Who wants to be misguided after they are guided? who wants to become a recipient of hell after they have become a recipient of heaven? I want to just run away or hide in some corner. I don't want to say it but I can't help. I want to see no body around me. My friends are being taken away from me. It is like a programming,,, when I am left alone, it is easier for Satan to attack me. Audhobillah!

See once again, I don't want to write it with this in my mind that people will read and appreciate it or call me a wonderful person for questioning my intention,, but this is happening. Disclaimer*:This is not for people. These are my inner thoughts. What I am going through. And hopefully because none knows me personally,, it shouldn't even be a problem at all inshaAllaah.

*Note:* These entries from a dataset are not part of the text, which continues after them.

lemma word_eq_inv_word: "word_eq R u v \<Longrightarrow> word_eq R (inv_word u) (inv_word v)"
proof -
  assume uv: "word_eq R u v"
  have "word_eq R (inv_word u) (inv_word u @ v @ inv_word v)"
    using word_eq_sym[OF word_eq_cancel_word[of R "inv_word u" v "[]"]] by simp
  also have "word_eq R \<dots> (inv_word u @ u @ inv_word v)"
    using word_eq_cong[OF word_eq_sym[OF uv]] .
  also have "word_eq R \<dots> (inv_word v)"
    using word_eq_cancel_inv_word[of R "[]" u "inv_word v"] by simp
  finally show ?thesis .
qed

definition subst :: "('a \<Rightarrow> 'b word) \<Rightarrow> 'a word \<Rightarrow> 'b word" where
  "subst f w = concat (map (\<lambda>(x, e). if e then inv_word (f x) else f x) w)"

lemma subst_Nil [simp]: "subst f [] = []"
  and subst_Cons [simp]: "subst f ((x, e) # w) = (if e then inv_word (f x) else f x) @ subst f w"
  and subst_append [simp]: "subst f (u @ v) = subst f u @ subst f v"
  by (simp_all add: subst_def)

lemma subst_inv_word [simp]: "subst f (inv_word w) = inv_word (subst f w)"
  by (induction w) auto

lemma subst_word_eq:
  assumes relators: "\<forall>r\<in>R. word_eq R' (subst f r) []" and "word_eq R u v"
  shows "word_eq R' (subst f u) (subst f v)"
proof -
  have step: "word_eq R' (subst f u) (subst f v)" if "pres_step R u v" for u v
    using that unfolding pres_step_def
  proof (elim disjE exE conjE)
    fix p q a e assume "u = p @ [(a, e), (a, \<not> e)] @ q" "v = p @ q"
    then show ?thesis
      using word_eq_cancel_word[of R' "subst f p" "f a"] word_eq_cancel_inv_word[of R' "subst f p" "f a"]
      by (cases e) simp_all
  next
    fix p q r assume "r \<in> R" "u = p @ r @ q" "v = p @ q"
    then show ?thesis
      using word_eq_cong[OF relators[rule_format], of r "subst f p" "subst f q"] by simp
  qed
  from \<open>word_eq R u v\<close> show ?thesis
    unfolding word_eq_def[of R]
    by (induction rule: rtranclp_induct) (simp, use step word_eq_sym word_eq_trans in blast)
qed

definition rename :: "('a \<Rightarrow> 'b) \<Rightarrow> 'a word \<Rightarrow> 'b word" where
  "rename f = map (apfst f)"

lemma rename_Nil [simp]: "rename f [] = []"
  and rename_Cons [simp]: "rename f ((x, e) # w) = (f x, e) # rename f w"
  and rename_append [simp]: "rename f (u @ v) = rename f u @ rename f v"
  and length_rename [simp]: "length (rename f w) = length w"
  and letters_rename: "letters (rename f w) = f ` letters w"
  by (auto simp: rename_def letters_def image_image)

lemma rename_inv_word [simp]: "rename f (inv_word w) = inv_word (rename f w)"
  by (induction w) auto

lemma rename_eq_subst: "rename f w = subst (\<lambda>x. [(f x, False)]) w"
  by (induction w) auto

lemma subst_rename_eq_Nil: "(\<And>x. f (g x) = []) \<Longrightarrow> subst f (rename g w) = []"
  by (induction w) auto

lemma rename_word_eq: "word_eq {} U W \<Longrightarrow> word_eq R (rename f U) (rename f W)"
  unfolding rename_eq_subst by (rule subst_word_eq) auto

My heart has become weak. It seems to be dead. I fear Allaah,, but I don't know what it is that is making me feel just horrible. I can't handle it right now. It's like if I am about to break down. Ask Allaah to save me. Ya Allaah,, You know I don't want to be like that,, who wants to be misguided after You have given them the most beautiful gift of guidance? Ya Allaah, You know what I have done in the past few days, weeks, and hours. Ya Allaah, Save me from satan. Ya Allaah, Save me from satan. Ya Allaah, Save me from satan. Ya Allaah, keep me under Your protection. I need it the most Ya Allaah, I want to be protected under the cloud of mercy You sent towards me. Ya Allaah, make me one of Your most obedient slaves. Ya Allaah,, fill up my heart with taqwah just as my eyes were filled with tears. Ya Allaah, Save me from this duniyah and its evil. Ya Allaah, Grant me Jannat-ul-Firdaus, and a house in the neighbourhood of Your beloved Prophet SAW.

Audhobillahi Minash shaitanirrajeem!